lemma kempe_equiv_fixing_up_to_permutation:
  assumes "finite E" "kempe_equiv E ends n c d" "\<forall>e. e \<notin> E \<longrightarrow> c e \<notin> {1..n}"
  obtains \<pi> where "\<pi> permutes {1..n}" "(kempe_step_fixing E ends n v)\<^sup>*\<^sup>* c (\<pi> \<circ> d)"
proof -
  have "(kempe_step E ends n)\<^sup>*\<^sup>* c d" using assms(2) by (simp add: kempe_equiv_def)
  then have "\<exists>\<pi>. \<pi> permutes {1..n} \<and> (kempe_step_fixing E ends n v)\<^sup>*\<^sup>* c (\<pi> \<circ> d)"
  proof (induction rule: rtranclp_induct)
    case base
    show ?case by (intro exI[of _ id] conjI permutes_id) simp
  next
    case (step x x')
    from step.IH obtain \<pi> where \<pi>: "\<pi> permutes {1..n}"
      and steps: "(kempe_step_fixing E ends n v)\<^sup>*\<^sup>* c (\<pi> \<circ> x)" by blast
    have "\<forall>e. e \<notin> E \<longrightarrow> x e \<notin> {1..n}"
      using assms(3) kempe_steps_outside[OF step.hyps(1)] by simp
    then obtain \<pi>' where "\<pi>' permutes {1..n}"
      "(kempe_step_fixing E ends n v)\<^sup>*\<^sup>* (\<pi> \<circ> x) (\<pi>' \<circ> x')"
      by (rule kempe_step_fixing_up_to_permutation[OF assms(1) step.hyps(2) \<pi>])
    with steps show ?case by (blast intro: rtranclp_trans)
  qed
  then show thesis using that by blast
qed

lemma permuted_coloring_fixing:
  assumes "finite E" "\<pi> permutes C" "finite C" "C \<subseteq> {1..n}"
    and "\<forall>e. e \<notin> E \<or> v \<in> ends e \<longrightarrow> d e \<notin> C"
  shows "(kempe_step_fixing E ends n v)\<^sup>*\<^sup>* (\<pi> \<circ> d) d"
  using assms(2,3)
proof (induction rule: permutes_induct)
  case id
  show ?case by simp
next
  case (swap a b p)
  let ?y = "Transposition.transpose a b \<circ> p \<circ> d"
  have unmoved: "?y e = d e" if "d e \<notin> C" for e
    using that swap(1,2) permutes_not_in[OF \<open>p permutes C\<close>] by (auto simp: transpose_def)
  have moved: "d e \<in> C" if "?y e \<in> {a, b}" for e
  proof (rule ccontr)
    assume "d e \<notin> C"
    with unmoved that swap(1,2) show False by auto
  qed
  have "(kempe_step_fixing E ends n v)\<^sup>*\<^sup>* ?y (kempe_switch ?y a b {e. ?y e \<in> {a, b}})"
  proof (rule kempe_switch_closed_set_fixing[OF assms(1)])
    show "a \<in> {1..n}" "b \<in> {1..n}" "a \<noteq> b" using swap(1-3) assms(4) by auto
    show "{e. ?y e \<in> {a, b}} \<subseteq> E"
      "\<forall>e\<in>{e. ?y e \<in> {a, b}}. ?y e \<in> {a, b} \<and> v \<notin> ends e"
      using assms(5) moved by blast+
    show "\<forall>e f. e \<in> {e. ?y e \<in> {a, b}} \<longrightarrow> ab_adj E ends ?y a b e f
      \<longrightarrow> f \<in> {e. ?y e \<in> {a, b}}"
      by (simp add: ab_adj_def)
  qed
  moreover have "kempe_switch ?y a b {e. ?y e \<in> {a, b}} = p \<circ> d"
    unfolding kempe_switch_color_class by (simp add: fun_eq_iff)
  ultimately have "(kempe_step_fixing E ends n v)\<^sup>*\<^sup>* ?y (p \<circ> d)" by simp
  then show ?case using swap.IH by (rule rtranclp_trans)
qed

theorem theorem5:
  fixes V :: "'v set" and E :: "'e set" and ends :: "'e \<Rightarrow> 'v set"
    and n :: nat and c d :: "'e \<Rightarrow> nat" and v :: 'v
  assumes "loopless_multigraph V E ends"
    and "n \<ge> 1"
    and "proper_edge_coloring E ends n c"
    and "proper_edge_coloring E ends n d"
    and "kempe_equiv E ends n c d"
    and "v \<in> V"
    and "\<forall>e\<in>E. v \<in> ends e \<longrightarrow> c e = d e"
  shows "(kempe_step_fixing E ends n v)\<^sup>*\<^sup>* c d"
proof -
  have fin: "finite E" using assms(1) by (simp add: loopless_multigraph_def)
  have c0: "\<forall>e. e \<notin> E \<longrightarrow> c e = 0" and d0: "\<forall>e. e \<notin> E \<longrightarrow> d e = 0"
    using assms(3,4) by (simp_all add: proper_edge_coloring_def)
  have "\<forall>e. e \<notin> E \<longrightarrow> c e \<notin> {1..n}" using c0 by simp
  then obtain \<pi> where \<pi>: "\<pi> permutes {1..n}"
    and to_\<pi>d: "(kempe_step_fixing E ends n v)\<^sup>*\<^sup>* c (\<pi> \<circ> d)"
    by (rule kempe_equiv_fixing_up_to_permutation[OF fin assms(5)])
  have fixes_at_v: "\<pi> (d e) = d e" if "e \<in> E" "v \<in> ends e" for e
    using kempe_steps_fixing_agree_at[OF to_\<pi>d that] assms(7) that by simp
  define C where "C = {1..n} - d ` {e\<in>E. v \<in> ends e}"
  have "(kempe_step_fixing E ends n v)\<^sup>*\<^sup>* (\<pi> \<circ> d) d"
  proof (rule permuted_coloring_fixing[OF fin])
    show "\<pi> permutes C"
      using \<pi> by (rule permutes_restrict) (use fixes_at_v in \<open>auto simp: C_def\<close>)
    show "finite C" "C \<subseteq> {1..n}" by (auto simp: C_def)
    show "\<forall>e. e \<notin> E \<or> v \<in> ends e \<longrightarrow> d e \<notin> C"
      using d0 by (auto simp: C_def)
  qed
  with to_\<pi>d show ?thesis by (rule rtranclp_trans)
qed

end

----

WHAT IS BEING ASKED:
Please retype, without any change, the line containing "using kempe_steps_fixing_agree_at[OF to_\<pi>d" and every line after it to the end of the entries above, and only those.

ANSWER TO THIS TASK:
    using kempe_steps_fixing_agree_at[OF to_\<pi>d that] assms(7) that by simp
  define C where "C = {1..n} - d ` {e\<in>E. v \<in> ends e}"
  have "(kempe_step_fixing E ends n v)\<^sup>*\<^sup>* (\<pi> \<circ> d) d"
  proof (rule permuted_coloring_fixing[OF fin])
    show "\<pi> permutes C"
      using \<pi> by (rule permutes_restrict) (use fixes_at_v in \<open>auto simp: C_def\<close>)
    show "finite C" "C \<subseteq> {1..n}" by (auto simp: C_def)
    show "\<forall>e. e \<notin> E \<or> v \<in> ends e \<longrightarrow> d e \<notin> C"
      using d0 by (auto simp: C_def)
  qed
  with to_\<pi>d show ?thesis by (rule rtranclp_trans)
qed

end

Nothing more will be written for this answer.